TASK DETAILS>
Whenever a line in the data holds the string "vertex", copy that line.

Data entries
lemma edge_colour_less:
  assumes "e \<in> cube_edges n"
  shows "edge_colour g e < 2 * n"
proof -
  obtain x y where e: "e = {x, y}" "length x = n" "length y = n" "card (diff_coords x y n) = 1"
    using assms cube_edge_iff unfolding cube_edges_def by blast
  then obtain i where i: "diff_coords x y n = {i}"
    using card_1_singletonE by blast
  then have "i < n"
    unfolding diff_coords_def by auto
  then show ?thesis
    unfolding edge_colour_def e(1) edge_dir_eq[OF e(2,3) i] by auto
qed

lemma card_less_of_bij:
  assumes "bij_betw f {..<n} {..<n}" "k \<le> n"
  shows "card {i. i < n \<and> f i < k} = k"
proof -
  have "f ` {i. i < n \<and> f i < k} = {..<k}"
  proof
    show "f ` {i. i < n \<and> f i < k} \<subseteq> {..<k}"
      by auto
    show "{..<k} \<subseteq> f ` {i. i < n \<and> f i < k}"
    proof
      fix j assume "j \<in> {..<k}"
      then have "j \<in> f ` {..<n}"
        using assms unfolding bij_betw_def by auto
      then show "j \<in> f ` {i. i < n \<and> f i < k}"
        using \<open>j \<in> {..<k}\<close> by auto
    qed
  qed
  moreover have "{i. i < n \<and> f i < k} \<subseteq> {..<n}"
    by auto
  then have "inj_on f {i. i < n \<and> f i < k}"
    using assms(1) inj_on_subset unfolding bij_betw_def by blast
  ultimately show ?thesis
    by (metis card_image card_lessThan)
qed

text \<open>Starting from \<open>w\<close>, the first \<open>n\<close> steps flip coordinate \<open>i\<close> at step \<open>p i\<close> and the
  last \<open>n\<close> steps flip it back at step \<open>n + q i\<close>. Direction \<open>i\<close> is thus used twice, and
  \<open>partner_order\<close> says exactly that the bit at \<open>g i\<close> differs between the two uses, so the
  cycle is rainbow for \<open>edge_colour g\<close>. A coordinate \<open>h\<close> flipped last on the way out and
  last on the way back keeps the \<open>2 * n\<close> vertices distinct.\<close>
locale flip_cycle =
  fixes n :: nat and p q :: "nat \<Rightarrow> nat" and w :: "nat \<Rightarrow> bool" and g :: "nat \<Rightarrow> nat" and h :: nat
  assumes two_le_n: "2 \<le> n"
    and bij_p: "bij_betw p {..<n} {..<n}" and bij_q: "bij_betw q {..<n} {..<n}"
    and h: "h < n" "p h = n - 1" "q h = n - 1"
    and g_partner: "\<And>i. i < n \<Longrightarrow> g i < n \<and> g i \<noteq> i"
    and partner_order: "\<And>i. i < n \<Longrightarrow> p (g i) < p i \<longleftrightarrow> q (g i) < q i"
begin

definition flipped :: "nat \<Rightarrow> nat set" where
  "flipped k = (if k \<le> n then {i. i < n \<and> p i < k} else {i. i < n \<and> k - n \<le> q i})"

definition vertex :: "nat \<Rightarrow> bool list" where
  "vertex k = map (\<lambda>j. w j \<noteq> (j \<in> flipped k)) [0..<n]"

definition vertices :: "bool list list" where
  "vertices = map vertex [0..<2 * n]"

definition moved :: "nat \<Rightarrow> nat" where
  "moved k = (if k < n then inv_into {..<n} p k else inv_into {..<n} q (k - n))"

lemma p_less: "i < n \<Longrightarrow> p i < n" and q_less: "i < n \<Longrightarrow> q i < n"
  using bij_p bij_q bij_betwE by blast+
lemma free_erection_eq_trunc:
  assumes N: "matroid E N" and M_eq: "M = trunc (rank M E) N" and "free_erection E M \<subseteq> N"
  shows "free_erection E M = trunc (rank (free_erection E M) E) N"
proof -
  let ?F = "free_erection E M"
  have M: "matroid E M" using trunc_matroid[OF N] M_eq by metis
  show ?thesis
  proof (cases "?F = M")
    case True
    then show ?thesis using M_eq by simp
  next
    case False
    then have T: "is_truncation E M ?F"
      using is_erection_free_erection[OF M] unfolding is_erection_def by blast
    then have "M \<subset> N"
      using False is_erection_subset[OF is_erection_free_erection[OF M]] \<open>?F \<subseteq> N\<close> by blast
    then have "is_truncation E M (trunc (rank M E + 1) N)"
      by (rule is_truncation_trunc_Suc[OF N M_eq])
    then have "trunc (rank M E + 1) N \<subseteq> ?F"
      using is_erection_le_free_erection[OF M] unfolding is_erection_def by blast
    moreover have "?F \<subseteq> trunc (rank M E + 1) N"
      using \<open>?F \<subseteq> N\<close> is_truncation_card_le[OF T] unfolding trunc_def by blast
    ultimately show ?thesis
      using is_truncationD(2)[OF T] by simp
  qed
qed

lemma erection_seq_matroid: "matroid E M0 \<Longrightarrow> matroid E (erection_seq E M0 n)"
  by (induction n) (auto intro: is_erection_matroid is_erection_free_erection)

lemma erection_seq_mono:
  assumes "matroid E M0" "i \<le> j"
  shows "erection_seq E M0 i \<subseteq> erection_seq E M0 j"
proof -
  have "erection_seq E M0 n \<subseteq> erection_seq E M0 (Suc n)" for n
    using is_erection_subset[OF is_erection_free_erection[OF erection_seq_matroid[OF assms(1)]]]
    by simp
  then show ?thesis
    using lift_Suc_mono_le[of "erection_seq E M0"] assms(2) by blast
qed

lemma ex_erection_seq_no_truncation:
  assumes M0: "matroid E M0"
  shows "\<exists>n. \<nexists>N. is_truncation E (erection_seq E M0 n) N"
proof (rule ccontr)
  assume "\<nexists>n. \<nexists>N. is_truncation E (erection_seq E M0 n) N"
  then have step: "is_truncation E (erection_seq E M0 n) (erection_seq E M0 (Suc n))" for n
    using is_truncation_free_erection[OF erection_seq_matroid[OF M0]] by auto
  have "rank (erection_seq E M0 n) E = rank M0 E + n" for n
    by (induction n) (simp_all add: is_truncationD(2)[OF step, simplified])
  moreover have "rank (erection_seq E M0 (Suc (card E))) E \<le> card E"
    using rank_le_card[OF erection_seq_matroid[OF M0] matroid_finite[OF M0]] .
  ultimately have "rank M0 E + Suc (card E) \<le> card E" by metis
  then show False by simp
qed
lemma monotone_in2_of_proportional_diffs:
  assumes "monotone_in2 g" "c \<noteq> 0"
    and "\<And>x. \<exists>s > 0. g x True - g x False = (f x True - f x False) * c * s"
  shows "monotone_in2 f"
proof -
  have sign: "f x False \<le> f x True \<longleftrightarrow> 0 \<le> (g x True - g x False) * c"
    and sign': "f x True \<le> f x False \<longleftrightarrow> (g x True - g x False) * c \<le> 0" for x
  proof -
    obtain s where "s > 0" and diff: "g x True - g x False = (f x True - f x False) * c * s"
      using assms(3) by blast
    define t where "t = c * c * s"
    have prod: "(g x True - g x False) * c = (f x True - f x False) * t"
      unfolding diff t_def by (simp add: mult_ac)
    have pos: "t > 0"
      unfolding t_def using \<open>c \<noteq> 0\<close> \<open>s > 0\<close>
      by (auto simp: zero_less_mult_iff linorder_neq_iff)
    show "f x False \<le> f x True \<longleftrightarrow> 0 \<le> (g x True - g x False) * c"
      unfolding prod using pos by (auto simp: zero_le_mult_iff)
    show "f x True \<le> f x False \<longleftrightarrow> (g x True - g x False) * c \<le> 0"
      unfolding prod using pos by (auto simp: mult_le_0_iff)
  qed
  show ?thesis
    using assms(1) \<open>c \<noteq> 0\<close>
    unfolding monotone_in2_def nondecreasing_in2_def nonincreasing_in2_def sign sign'
    by (cases "c > 0") (auto simp: zero_le_mult_iff mult_le_0_iff)
qed

locale proxy_model = prob_space M for M :: "'w measure" +
  fixes A C D :: "'w \<Rightarrow> bool" and Y :: "'w \<Rightarrow> real"
  assumes A_measurable [measurable]: "A \<in> measurable M (count_space UNIV)"
    and C_measurable [measurable]: "C \<in> measurable M (count_space UNIV)"
    and D_measurable [measurable]: "D \<in> measurable M (count_space UNIV)"
    and Y_measurable [measurable]: "Y \<in> borel_measurable M"
    and Y_integrable: "integrable M Y"
    and proxy_factorization: "\<And>x y z B. B \<in> sets borel \<Longrightarrow>
      \<P>(w in M. A w = x \<and> C w = y \<and> D w = z \<and> Y w \<in> B) * \<P>(w in M. C w = y)
        = \<P>(w in M. A w = x \<and> C w = y \<and> Y w \<in> B) * \<P>(w in M. C w = y \<and> D w = z)"
    and cells_positive: "\<And>x y z. \<P>(w in M. A w = x \<and> C w = y \<and> D w = z) > 0"
begin

lemma prob_AC_pos: "\<P>(w in M. A w = x \<and> C w = y) > 0"
  using cells_positive[of x y True] by (rule measure_Collect_pos_mono) auto

lemma prob_CD_pos: "\<P>(w in M. C w = y \<and> D w = z) > 0"
  using cells_positive[of True y z] by (rule measure_Collect_pos_mono) auto

lemma prob_C_pos: "\<P>(w in M. C w = y) > 0"
  using prob_CD_pos[of y True] by (rule measure_Collect_pos_mono) auto

lemma cond_prob_D_C:
  "\<P>(w in M. D w = z \<bar> C w = y) = \<P>(w in M. C w = y \<and> D w = z) / \<P>(w in M. C w = y)"
  by (simp add: cond_prob_def conj_commute)

lemma cond_prob_D_C_pos: "\<P>(w in M. D w = z \<bar> C w = y) > 0"
  using prob_CD_pos prob_C_pos by (simp add: cond_prob_D_C)

lemma cond_prob_D_C_False:
  "\<P>(w in M. D w = False \<bar> C w = y) = 1 - \<P>(w in M. D w = True \<bar> C w = y)"
proof -
  have "\<P>(w in M. C w = y)
      = \<P>(w in M. C w = y \<and> D w = True) + \<P>(w in M. C w = y \<and> D w = False)"
    by (rule measure_split_bool) measurable
  then show ?thesis
    unfolding cond_prob_D_C using prob_C_pos[of y] by (simp add: field_simps)
qed

lemma prob_cell_eq:
  "\<P>(w in M. A w = x \<and> C w = y \<and> D w = z)
    = \<P>(w in M. A w = x \<and> C w = y) * \<P>(w in M. D w = z \<bar> C w = y)"
  using proxy_factorization[of UNIV x y z] prob_C_pos[of y]
  by (simp add: cond_prob_D_C field_simps)
definition ols_test_error ::
    "(real^'d \<Rightarrow> real^'p) \<Rightarrow> ('n::finite + 'm::finite \<Rightarrow> (real^'d) \<times> real) \<Rightarrow> real" where
  "ols_test_error f w = (1 / real CARD('m)) * (\<Sum>j\<in>UNIV. (snd (w (Inr j)) - f (fst (w (Inr j))) \<bullet>
      ols_estimate (design f (\<lambda>i. fst (w (Inl i)))) (\<chi> i. snd (w (Inl i))))\<^sup>2)"

definition gram_ratio :: "(real^'d \<Rightarrow> real^'p) \<Rightarrow> ('n::finite + 'm::finite \<Rightarrow> real^'d) \<Rightarrow> real^'p^'p" where
  "gram_ratio f xs = (real CARD('n) / real CARD('m)) *\<^sub>R
     (cramer_inverse (gram (design f (\<lambda>i. xs (Inl i)))) ** gram (design f (\<lambda>j. xs (Inr j))))"

definition linear_model_row ::
    "(real^'d \<Rightarrow> real^'p) \<Rightarrow> real^'p \<Rightarrow> real \<Rightarrow> (real^'d) \<times> real \<Rightarrow> (real^'d) \<times> real"
  where "linear_model_row f \<beta> \<sigma> = (\<lambda>(z, e). (z, f z \<bullet> \<beta> + \<sigma> * e))"

definition linear_model_sample ::
    "(real^'d \<Rightarrow> real^'p) \<Rightarrow> real^'p \<Rightarrow> real \<Rightarrow> ('k \<Rightarrow> real^'d) \<times> ('k \<Rightarrow> real) \<Rightarrow> 'k \<Rightarrow> (real^'d) \<times> real"
  where "linear_model_sample f \<beta> \<sigma> p k = linear_model_row f \<beta> \<sigma> (fst p k, snd p k)"

lemma borel_measurable_ols_test_error[measurable]:
  assumes [measurable]: "f \<in> borel_measurable borel"
  shows "(ols_test_error f :: ('n::finite + 'm::finite \<Rightarrow> (real^'d::finite) \<times> real) \<Rightarrow> real)
           \<in> borel_measurable (PiM UNIV (\<lambda>_. borel))"
  unfolding ols_test_error_def[abs_def] ols_estimate_def by measurable

lemma borel_measurable_gram_ratio[measurable]:
  assumes [measurable]: "f \<in> borel_measurable borel"
  shows "(gram_ratio f :: ('n::finite + 'm::finite \<Rightarrow> real^'d::finite) \<Rightarrow> real^'p::finite^'p)
           \<in> borel_measurable (PiM UNIV (\<lambda>_. borel))"
  unfolding gram_ratio_def[abs_def] by measurable

definition residual_coefficients :: "real^'p^'n \<Rightarrow> real^'p^'m \<Rightarrow> real^'p^'p \<Rightarrow> 'm \<Rightarrow> 'n + 'm \<Rightarrow> real"
  where "residual_coefficients X U K j k =
    (case k of Inl i \<Rightarrow> - (U$j \<bullet> (K *v X$i)) | Inr l \<Rightarrow> if l = j then 1 else 0)"

lemma test_residual_eq_residual_coefficients:
  fixes X :: "real^'p::finite^'n::finite" and U :: "real^'p^'m::finite" and K :: "real^'p^'p"
  assumes "K ** gram X = mat 1"
  shows "U$j \<bullet> \<beta> + \<sigma> * e (Inr j) - U$j \<bullet> (K *v (transpose X *v (\<chi> i. X$i \<bullet> \<beta> + \<sigma> * e (Inl i))))
    = \<sigma> * (\<Sum>k\<in>UNIV. residual_coefficients X U K j k * e k)"
proof -
  have noise: "(\<Sum>k\<in>UNIV. residual_coefficients X U K j k * e k)
      = e (Inr j) - (\<Sum>i\<in>UNIV. e (Inl i) * (U$j \<bullet> (K *v X$i)))"
    by (simp add: sum_UNIV_Plus residual_coefficients_def sum_negf mult.commute
        if_distrib[of "\<lambda>x. _ * x"] cong: if_cong)
  show ?thesis
    unfolding noise inner_ols_fit_linear_response[OF assms] by (simp add: algebra_simps)
qed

RESPONSE TO THIS EXERCISE>
definition vertex :: "nat \<Rightarrow> bool list" where
  "vertex k = map (\<lambda>j. w j \<noteq> (j \<in> flipped k)) [0..<n]"
  "vertices = map vertex [0..<2 * n]"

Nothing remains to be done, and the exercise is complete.